_ASSIGNED TASK_
Among the lines of data below, reproduce only those from the one with "(h t * integral" through the one with "(\<integral>x. (\<integral>t. F", exactly as they stand, both ends included.
START THE DATA
(* Let $p\in[2,+\infty]$ and let $U\in C^3([0,1])$ satisfy $U(1)=0$, $\max_{[0,1]}U''<0$, $U'(0)=0$, $U'(1)=-1$. There exist $\mu_0>0$ and $C>0$ such that for all $\lambda=\mu+i\nu$ with $\nu>U(0)$ and $|\mu|<\mu_0$, all $\alpha\ge0$, and all $(\phi,v)\in D(\mathcal A_{\lambda,\alpha})\times L^\infty(0,1)$ with $\mathcal A_{\lambda,\alpha}\phi=v$, $$\|\phi\|_{1,2}\le\frac{C}{\big[|\mu|+|\nu-U(0)|\big]^{\frac{1}{2p}+\frac14}}\|v\|_p .$$
   Context: $\mathcal A_{\lambda,\alpha}=(U+i\lambda)\big(-\frac{d^2}{dx^2}+\alpha^2\big)+U''$ on $(0,1)$, $D(\mathcal A_{\lambda,\alpha})=\{\phi\in H^2(0,1):\phi'(0)=0,\ \phi(1)=0\}$. $\|\cdot\|_p$ and $\|\cdot\|_{1,2}$ are the norms of $L^p(0,1)$ and $H^1(0,1)$. *)

theory Defs
  imports "HOL-Analysis.Analysis" "HOL-Probability.Essential_Supremum"
begin

definition C3_on_01 :: "(real \<Rightarrow> real) \<Rightarrow> (real \<Rightarrow> real) \<Rightarrow> (real \<Rightarrow> real) \<Rightarrow> (real \<Rightarrow> real) \<Rightarrow> bool" where
  "C3_on_01 U U1 U2 U3 \<longleftrightarrow>
     (\<forall>x\<in>{0..1}. (U has_real_derivative U1 x) (at x within {0..1})
               \<and> (U1 has_real_derivative U2 x) (at x within {0..1})
               \<and> (U2 has_real_derivative U3 x) (at x within {0..1}))
     \<and> continuous_on {0..1} U3"

text \<open>phi is (the continuous representative of) an element of H^2(0,1) with weak derivatives
phi1 (continuous) and phi2 in L^2(0,1).\<close>
definition H2_01 :: "(real \<Rightarrow> complex) \<Rightarrow> (real \<Rightarrow> complex) \<Rightarrow> (real \<Rightarrow> complex) \<Rightarrow> bool" where
  "H2_01 phi phi1 phi2 \<longleftrightarrow>
     phi2 absolutely_integrable_on {0..1}
     \<and> (\<lambda>x. (cmod (phi2 x))\<^sup>2) integrable_on {0..1}
     \<and> (\<forall>x\<in>{0..1}. phi1 x = phi1 0 + integral {0..x} phi2)
     \<and> (\<forall>x\<in>{0..1}. phi x = phi 0 + integral {0..x} phi1)"

definition dom_A :: "(real \<Rightarrow> complex) \<Rightarrow> (real \<Rightarrow> complex) \<Rightarrow> (real \<Rightarrow> complex) \<Rightarrow> bool" where
  "dom_A phi phi1 phi2 \<longleftrightarrow> H2_01 phi phi1 phi2 \<and> phi1 0 = 0 \<and> phi 1 = 0"

definition Linf_01 :: "(real \<Rightarrow> complex) \<Rightarrow> bool" where
  "Linf_01 v \<longleftrightarrow> v \<in> borel_measurable (lebesgue_on {0..1})
     \<and> (\<exists>B. AE x in lebesgue_on {0..1}. cmod (v x) \<le> B)"

definition Lp_norm :: "ereal \<Rightarrow> (real \<Rightarrow> complex) \<Rightarrow> real" where
  "Lp_norm p f = (if p = \<infinity>
      then real_of_ereal (esssup (lebesgue_on {0..1}) (\<lambda>x. ereal (cmod (f x))))
      else (integral {0..1} (\<lambda>x. cmod (f x) powr real_of_ereal p)) powr (1 / real_of_ereal p))"

definition H1_norm :: "(real \<Rightarrow> complex) \<Rightarrow> (real \<Rightarrow> complex) \<Rightarrow> real" where
  "H1_norm phi phi1 = sqrt (integral {0..1} (\<lambda>x. (cmod (phi x))\<^sup>2 + (cmod (phi1 x))\<^sup>2))"

definition A_eq :: "(real \<Rightarrow> real) \<Rightarrow> (real \<Rightarrow> real) \<Rightarrow> complex \<Rightarrow> real \<Rightarrow>
    (real \<Rightarrow> complex) \<Rightarrow> (real \<Rightarrow> complex) \<Rightarrow> (real \<Rightarrow> complex) \<Rightarrow> bool" where
  "A_eq U U2 lam alpha phi phi2 v \<longleftrightarrow>
     (AE x in lebesgue_on {0..1}.
        (complex_of_real (U x) + \<i> * lam) * (- phi2 x + complex_of_real (alpha\<^sup>2) * phi x)
        + complex_of_real (U2 x) * phi x = v x)"

end

theory Submission
  imports Defs
begin

text \<open>Multiply \<open>A \<phi> = v\<close> by \<open>(1 - i sgn \<mu>) conj \<phi> / (U + i \<lambda>)\<close> and integrate. Because
  \<open>\<phi>'(0) = \<phi>(1) = 0\<close>, the term \<open>-\<integral> \<phi>'' conj \<phi>\<close> becomes \<open>\<integral> |\<phi>'|^2\<close>, while the rotation
  \<open>1 - i sgn \<mu>\<close> makes the real part of the coefficient of \<open>U'' |\<phi>|^2\<close> at least \<open>m / |U + i \<lambda>|\<close>,
  where \<open>U'' \<le> -m\<close>. Absorbing the right-hand side by AM-GM gives
  \<open>m \<integral> |\<phi>'|^2 \<le> \<integral> |v|^2 / |U + i \<lambda>|\<close>. Since \<open>U\<close> decreases quadratically from its maximum
  \<open>U(0)\<close>, \<open>|U + i \<lambda>| \<ge> (\<delta> + m x^2 / 2) / 2\<close> with \<open>\<delta> = |\<mu>| + |\<nu> - U(0)|\<close>, and Hoelder's inequality
  with exponents \<open>p/2\<close> and its conjugate bounds the weighted integral by
  \<open>C \<delta>^(-1/2 - 1/p) \<parallel>v\<parallel>\<^sub>p^2\<close>. Finally \<open>\<phi>(1) = 0\<close> gives \<open>\<integral> |\<phi>|^2 \<le> \<integral> |\<phi>'|^2\<close>.\<close>

section \<open>Integration on an interval\<close>

lemma integrable_triangle_product:
  fixes g h :: "real \<Rightarrow> complex"
  assumes [measurable]: "g \<in> borel_measurable borel" "h \<in> borel_measurable borel"
    and g: "set_integrable lborel {a..b} g" and h: "\<And>t. norm (h t) \<le> B"
  shows "integrable (lborel \<Otimes>\<^sub>M lborel)
           (\<lambda>(x, t). if a \<le> x \<and> x \<le> t \<and> t \<le> b then g x * h t else 0)"
proof (rule Bochner_Integration.integrable_bound)
  define D where "D = (\<lambda>(x::real, t::real). indicator {a..b} x * norm (g x) * (B * indicator {a..b} t))"
  have B: "0 \<le> B" using h[of 0] norm_ge_zero order_trans by blast
  have gn: "integrable lborel (\<lambda>x. indicator {a..b} x * norm (g x))"
    using integrable_norm[OF g[unfolded set_integrable_def]] by (simp add: abs_mult)
  show "integrable (lborel \<Otimes>\<^sub>M lborel) D"
  proof (rule lborel_pair.Fubini_integrable)
    show "D \<in> borel_measurable (lborel \<Otimes>\<^sub>M lborel)" unfolding D_def by measurable
    have "(\<lambda>t. norm (D (x, t))) = (\<lambda>t. (indicator {a..b} x * norm (g x) * B) * indicator {a..b} t)" for x
      unfolding D_def using B by (auto simp: abs_mult indicator_def)
    then have "(\<integral>t. norm (D (x, t)) \<partial>lborel) = indicator {a..b} x * norm (g x) * B * measure lborel {a..b}" for x
      by simp
    then show "integrable lborel (\<lambda>x. \<integral>t. norm (D (x, t)) \<partial>lborel)"
      using gn by simp
    show "AE x in lborel. integrable lborel (\<lambda>t. D (x, t))"
      unfolding D_def by (auto simp: emeasure_lborel_Icc_eq)
  qed
  show "(\<lambda>(x, t). if a \<le> x \<and> x \<le> t \<and> t \<le> b then g x * h t else 0) \<in> borel_measurable (lborel \<Otimes>\<^sub>M lborel)"
    by measurable
  show "AE z in lborel \<Otimes>\<^sub>M lborel.
          norm ((\<lambda>(x, t). if a \<le> x \<and> x \<le> t \<and> t \<le> b then g x * h t else 0) z) \<le> norm (D z)"
    unfolding D_def using h B
    by (intro AE_I2) (auto simp: indicator_def norm_mult abs_mult mult.commute[of B] intro!: mult_left_mono)
qed

lemma integral_mult_tail_integral_swap_borel:
  fixes g h :: "real \<Rightarrow> complex"
  assumes [measurable]: "g \<in> borel_measurable borel" "h \<in> borel_measurable borel"
    and g: "set_integrable lborel {a..b} g" and h: "\<And>t. norm (h t) \<le> B"
  shows "integral {a..b} (\<lambda>x. g x * integral {x..b} h) = integral {a..b} (\<lambda>t. h t * integral {a..t} g)"
proof -
  define F where "F x t = (if a \<le> x \<and> x \<le> t \<and> t \<le> b then g x * h t else 0)" for x t
  have F: "integrable (lborel \<Otimes>\<^sub>M lborel) (case_prod F)"
    unfolding F_def by (rule integrable_triangle_product[OF _ _ g h]) simp_all
  have hi: "set_integrable lborel {x..b} h" for x
    unfolding set_integrable_def
    by (rule integrableI_bounded_set_indicator[where B=B]) (use h in \<open>auto simp: emeasure_lborel_Icc_eq\<close>)
  have gi: "set_integrable lborel {a..t} g" if "t \<le> b" for t
    by (rule set_integrable_subset[OF g]) (use that in auto)
  have inner_t: "(\<integral>t. F x t \<partial>lborel) = indicator {a..b} x *\<^sub>R (g x * integral {x..b} h)" for x
  proof -
    have "(\<lambda>t. F x t) = (\<lambda>t. indicator {a..b} x *\<^sub>R (g x * (indicator {x..b} t *\<^sub>R h t)))"
      unfolding F_def by (auto simp: indicator_def fun_eq_iff)
    then have "(\<integral>t. F x t \<partial>lborel) = indicator {a..b} x *\<^sub>R (g x * (LINT t:{x..b}|lborel. h t))"
      unfolding set_lebesgue_integral_def by (simp only: integral_scaleR_right integral_mult_right_zero)
    then show ?thesis using set_borel_integral_eq_integral(2)[OF hi[of x]] by simp
  qed
  have inner_x: "(\<integral>x. F x t \<partial>lborel) = indicator {a..b} t *\<^sub>R (h t * integral {a..t} g)" for t
  proof (cases "t \<le> b")
    case True
    have "(\<lambda>x. F x t) = (\<lambda>x. indicator {a..b} t *\<^sub>R (h t * (indicator {a..t} x *\<^sub>R g x)))"
      using True unfolding F_def by (auto simp: indicator_def fun_eq_iff)
    then have "(\<integral>x. F x t \<partial>lborel) = indicator {a..b} t *\<^sub>R (h t * (LINT x:{a..t}|lborel. g x))"
      unfolding set_lebesgue_integral_def by (simp only: integral_scaleR_right integral_mult_right_zero)
    then show ?thesis using set_borel_integral_eq_integral(2)[OF gi[OF True]] by simp
  qed (simp add: F_def)
  have I1: "set_integrable lborel {a..b} (\<lambda>x. g x * integral {x..b} h)"
    using lborel_pair.integrable_fst'[OF F] unfolding set_integrable_def by (simp add: inner_t)
  have I2: "set_integrable lborel {a..b} (\<lambda>t. h t * integral {a..t} g)"
    using lborel_pair.integrable_fst'[OF lborel_pair.integrable_product_swap[OF F]]
    unfolding set_integrable_def by (simp add: inner_x)
  have "(\<integral>t. (\<integral>x. F x t \<partial>lborel) \<partial>lborel) = (\<integral>x. (\<integral>t. F x t \<partial>lborel) \<partial>lborel)"
    by (rule lborel_pair.Fubini_integral[OF F])
  then have "(LINT t:{a..b}|lborel. h t * integral {a..t} g) = (LINT x:{a..b}|lborel. g x * integral {x..b} h)"
    by (simp add: inner_t inner_x set_lebesgue_integral_def)
  then show ?thesis
    using set_borel_integral_eq_integral(2)[OF I1] set_borel_integral_eq_integral(2)[OF I2] by simp
qed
END THE DATA
_WRITTEN REPLY_
  have inner_x: "(\<integral>x. F x t \<partial>lborel) = indicator {a..b} t *\<^sub>R (h t * integral {a..t} g)" for t
  proof (cases "t \<le> b")
    case True
    have "(\<lambda>x. F x t) = (\<lambda>x. indicator {a..b} t *\<^sub>R (h t * (indicator {a..t} x *\<^sub>R g x)))"
      using True unfolding F_def by (auto simp: indicator_def fun_eq_iff)
    then have "(\<integral>x. F x t \<partial>lborel) = indicator {a..b} t *\<^sub>R (h t * (LINT x:{a..t}|lborel. g x))"
      unfolding set_lebesgue_integral_def by (simp only: integral_scaleR_right integral_mult_right_zero)
    then show ?thesis using set_borel_integral_eq_integral(2)[OF gi[OF True]] by simp
  qed (simp add: F_def)
  have I1: "set_integrable lborel {a..b} (\<lambda>x. g x * integral {x..b} h)"
    using lborel_pair.integrable_fst'[OF F] unfolding set_integrable_def by (simp add: inner_t)
  have I2: "set_integrable lborel {a..b} (\<lambda>t. h t * integral {a..t} g)"
    using lborel_pair.integrable_fst'[OF lborel_pair.integrable_product_swap[OF F]]
    unfolding set_integrable_def by (simp add: inner_x)
  have "(\<integral>t. (\<integral>x. F x t \<partial>lborel) \<partial>lborel) = (\<integral>x. (\<integral>t. F x t \<partial>lborel) \<partial>lborel)"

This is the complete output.